According to the latest study by research firm TNS Global, 12 percent of Facebook users in the US are resistant to brands on the social network than they are open to them, and the trend only seem to be spreading and growing worldwide.

The entrance of the latest competitor in the social race — Google’s Google+ — only seems to complicate the problem, especially since it has the backing of Internet giant Google, which raked in as much as $37.9 billion last year, most of it from ads.

According to analyst Astro del Castillo of brokerage firm First Grade Finance, Inc., Facebook would have to watch its back closely as emerging companies that threaten to steal its position could affect its performance in the public market.

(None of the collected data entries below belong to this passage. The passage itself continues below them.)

lemma card_layer_iso_to_nat:
  assumes "iso_to_nat V E"
  shows "card (layer V dp n) = 1"
proof -
  obtain f where bij: "bij_betw f V (UNIV :: nat set)"
    and edge: "\<And>u v. u \<in> V \<Longrightarrow> v \<in> V \<Longrightarrow> (u, v) \<in> E \<longleftrightarrow> f v = f u + 1"
    using assms unfolding iso_to_nat_def by blast
  have f_root: "f r = 0"
  proof (rule ccontr)
    assume "f r \<noteq> 0"
    then obtain u where u: "u \<in> V" "Suc (f u) = f r"
      using bij by (metis UNIV_I bij_betw_iff_bijections not0_implies_Suc)
    then have "(u, r) \<in> E" using edge[OF u(1) root_in] by simp
    with no_edge_to_root show False by blast
  qed
  have f_depth: "f v = n" if "(r, v) \<in> E ^^ n" for v n
    using that
  proof (induction n arbitrary: v)
    case (Suc n)
    then obtain z where "(r, z) \<in> E ^^ n" "(z, v) \<in> E" by auto
    with Suc.IH edge edges_subset show ?case by fastforce
  qed (simp add: f_root)
  obtain v0 where v0: "v0 \<in> V" "f v0 = n" using bij by (metis UNIV_I bij_betw_iff_bijections)
  have "layer V dp n = {v0}"
  proof (intro set_eqI iffI)
    fix v assume "v \<in> layer V dp n"
    then have "v \<in> V" "f v = f v0" using f_depth[OF depth_path] v0 by (auto simp: layer_def)
    then show "v \<in> {v0}" using bij v0(1) by (auto simp: bij_betw_def inj_on_def)
  next
    fix v assume "v \<in> {v0}"
    then show "v \<in> layer V dp n" using f_depth[OF depth_path[OF v0(1)]] v0 by (simp add: layer_def)
  qed
  then show ?thesis by simp
qed

lemma iso_to_nat_if_layers_singletons:
  assumes single: "\<And>n x y. x \<in> layer V dp n \<Longrightarrow> y \<in> layer V dp n \<Longrightarrow> x = y"
    and nonempty: "\<And>n. layer V dp n \<noteq> {}"
  shows "iso_to_nat V E"
  unfolding iso_to_nat_def
proof (intro exI[of _ dp] conjI ballI)
  show "bij_betw dp V UNIV"
    unfolding bij_betw_def
  proof
    show "inj_on dp V" using single by (auto simp: inj_on_def layer_def)
    show "dp ` V = UNIV"
    proof (intro set_eqI iffI)
      fix n :: nat
      obtain x where "x \<in> layer V dp n" using nonempty[of n] by blast
      then show "n \<in> dp ` V" by (auto simp: layer_def)
    qed simp
  qed
next
  fix u v assume u: "u \<in> V" and v: "v \<in> V"
  show "(u, v) \<in> E \<longleftrightarrow> dp v = dp u + 1"
  proof
    assume "(u, v) \<in> E" then show "dp v = dp u + 1" using depth_edge by simp
  next
    assume "dp v = dp u + 1"
    then have "v \<in> layer V dp (Suc (dp u))" using v by (simp add: layer_def)
    from parent_in_layer[OF this] parent_edge have "(parent E v, v) \<in> E" "parent E v = u"
      using single[of _ "dp u" u] u by (auto simp: layer_def)
    then show "(u, v) \<in> E" by simp
  qed
qed

end

theorem dirichlet_shift_equivalent_if_q_1_or_iso_to_nat:
  assumes T: "rooted_directed_tree V E" and lf: "leafless V E" and fin: "locally_finite V E"
    and fbi: "finite_branching_index V E" and q: "q \<ge> 1" and h: "q = 1 \<or> iso_to_nat V E"
  shows "\<exists>m::nat. unitarily_equivalent V (dirichlet_shift V E q)
    ({..<m} \<times> (UNIV :: nat set)) (classical_dirichlet_sum m q)"
proof -
  interpret rooted_tree V E by (rule rooted_tree.intro[OF T])
  obtain m :: nat and s :: "nat \<Rightarrow> nat"
    where card: "\<And>n. card (layer V dp n) = card {j. j < m \<and> s j \<le> n}"
      and s: "q = 1 \<or> (\<forall>j<m. s j = 0)"
  proof (cases "q = 1")
    case True
    then show ?thesis using card_layer_eq_card_started[OF lf fin fbi] that by blast
  next
    case False
    then show ?thesis using h card_layer_iso_to_nat that[of 1 "\<lambda>_. 0"] by simp
  qed
  have "\<exists>U. unitary_between V ({..<m} \<times> UNIV) U \<and> (\<forall>f. U (dirichlet_shift V E q f)
      = classical_dirichlet_sum m q (U f))"
    unfolding dirichlet_shift_eq_parent_shift classical_dirichlet_sum_eq_parent_shift
    by (rule layered_shifts_unitarily_equivalent[OF dirichlet_shift_layered[OF lf fin q]
          classical_dirichlet_sum_layered[OF q s]])
      (use dirichlet_coeff_pos[OF q] card card_copy_layer in \<open>simp_all add: less_le\<close>)
  then show ?thesis unfolding unitarily_equivalent_def by blast
qed

section \<open>Linear isometries preserve finite inner products\<close>

definition sqnorm :: "'a set \<Rightarrow> ('a \<Rightarrow> complex) \<Rightarrow> real" where
  "sqnorm A f = (\<Sum>\<^sub>\<infinity>x\<in>A. (cmod (f x))\<^sup>2)"

lemma sqnorm_eq_if_l2norm_eq: "l2norm B g = l2norm A f \<Longrightarrow> sqnorm B g = sqnorm A f"
  unfolding l2norm_def sqnorm_def by (simp add: infsum_nonneg)

lemma sqnorm_finite_support:
  assumes "finite F" "F \<subseteq> A" "\<And>x. x \<notin> F \<Longrightarrow> h x = 0"
  shows "h \<in> l2 A" "sqnorm A h = (\<Sum>x\<in>F. (cmod (h x))\<^sup>2)"
proof -
  have "((\<lambda>x. (cmod (h x))\<^sup>2) has_sum (\<Sum>x\<in>F. (cmod (h x))\<^sup>2)) A"
    by (rule has_sum_finite_neutralI) (use assms in auto)
  then show "h \<in> l2 A" "sqnorm A h = (\<Sum>x\<in>F. (cmod (h x))\<^sup>2)"
    using assms by (auto simp: l2_def sqnorm_def infsumI dest: has_sum_imp_summable)
qed

lemma sqnorm_add_finite_support:
  assumes f: "f \<in> l2 A" and F: "finite F" "F \<subseteq> A" and h: "\<And>x. x \<notin> F \<Longrightarrow> h x = 0"
  shows "(\<lambda>x. f x + h x) \<in> l2 A"
    and "sqnorm A (\<lambda>x. f x + h x) = sqnorm A f + (\<Sum>x\<in>F. (cmod (f x + h x))\<^sup>2 - (cmod (f x))\<^sup>2)"
proof -
  let ?D = "\<lambda>x. if x \<in> F then (cmod (f x + h x))\<^sup>2 - (cmod (f x))\<^sup>2 else 0"
  have "(?D has_sum (\<Sum>x\<in>F. (cmod (f x + h x))\<^sup>2 - (cmod (f x))\<^sup>2)) A"
    by (rule has_sum_finite_neutralI) (use F in auto)
  moreover have "((\<lambda>x. (cmod (f x))\<^sup>2) has_sum sqnorm A f) A"
    using f by (simp add: l2_def sqnorm_def)
  ultimately have "((\<lambda>x. (cmod (f x))\<^sup>2 + ?D x) has_sum
      (sqnorm A f + (\<Sum>x\<in>F. (cmod (f x + h x))\<^sup>2 - (cmod (f x))\<^sup>2))) A"
    by (intro has_sum_add)
  moreover have "(\<lambda>x. (cmod (f x))\<^sup>2 + ?D x) = (\<lambda>x. (cmod (f x + h x))\<^sup>2)"
    by (auto simp: fun_eq_iff h)
  ultimately have "((\<lambda>x. (cmod (f x + h x))\<^sup>2) has_sum
      (sqnorm A f + (\<Sum>x\<in>F. (cmod (f x + h x))\<^sup>2 - (cmod (f x))\<^sup>2))) A"
    by simp
  then show "(\<lambda>x. f x + h x) \<in> l2 A"
    and "sqnorm A (\<lambda>x. f x + h x) = sqnorm A f + (\<Sum>x\<in>F. (cmod (f x + h x))\<^sup>2 - (cmod (f x))\<^sup>2)"
    using f F h by (auto simp: l2_def sqnorm_def infsumI dest: has_sum_imp_summable)
qed

lemma cmod_add_power2: "(cmod (a + b))\<^sup>2 = (cmod a)\<^sup>2 + (cmod b)\<^sup>2 + 2 * Re (a * cnj b)"
  unfolding cmod_power2 by (simp add: power2_eq_square algebra_simps)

“Just like any commodity, the IPO success depends on the so-called ‘waning phase’ of the user. Usually, the so-called technology companies are susceptible to that,” del Castillo told InterAksyon.com.

The analyst pointed out that Internet companies today are still reeling from the stigma caused by the dot-com bust of 2000, especially since Web-based firms such as Facebook have the habit of simply coming and going.

“For example, there was Friendster, which was really a hot item in social networking before. But after a few years, it just disappeared,” he said.

Facebook founder and chief executive Mark Zuckerberg. AFP file photo

The privacy game

With almost 30 million Facebook users in the Philippines — or almost 90 percent penetration, one of the highest in the world — the country remains an important market for the social media giant, especially as a large part of the population remains untapped by it.

But in Facebook’s quest to leverage more on its users’ information for a more targeted approach to display advertising, it could be toeing the line of privacy, which has been the site’s Achilles’ heel in its almost a decade of existence.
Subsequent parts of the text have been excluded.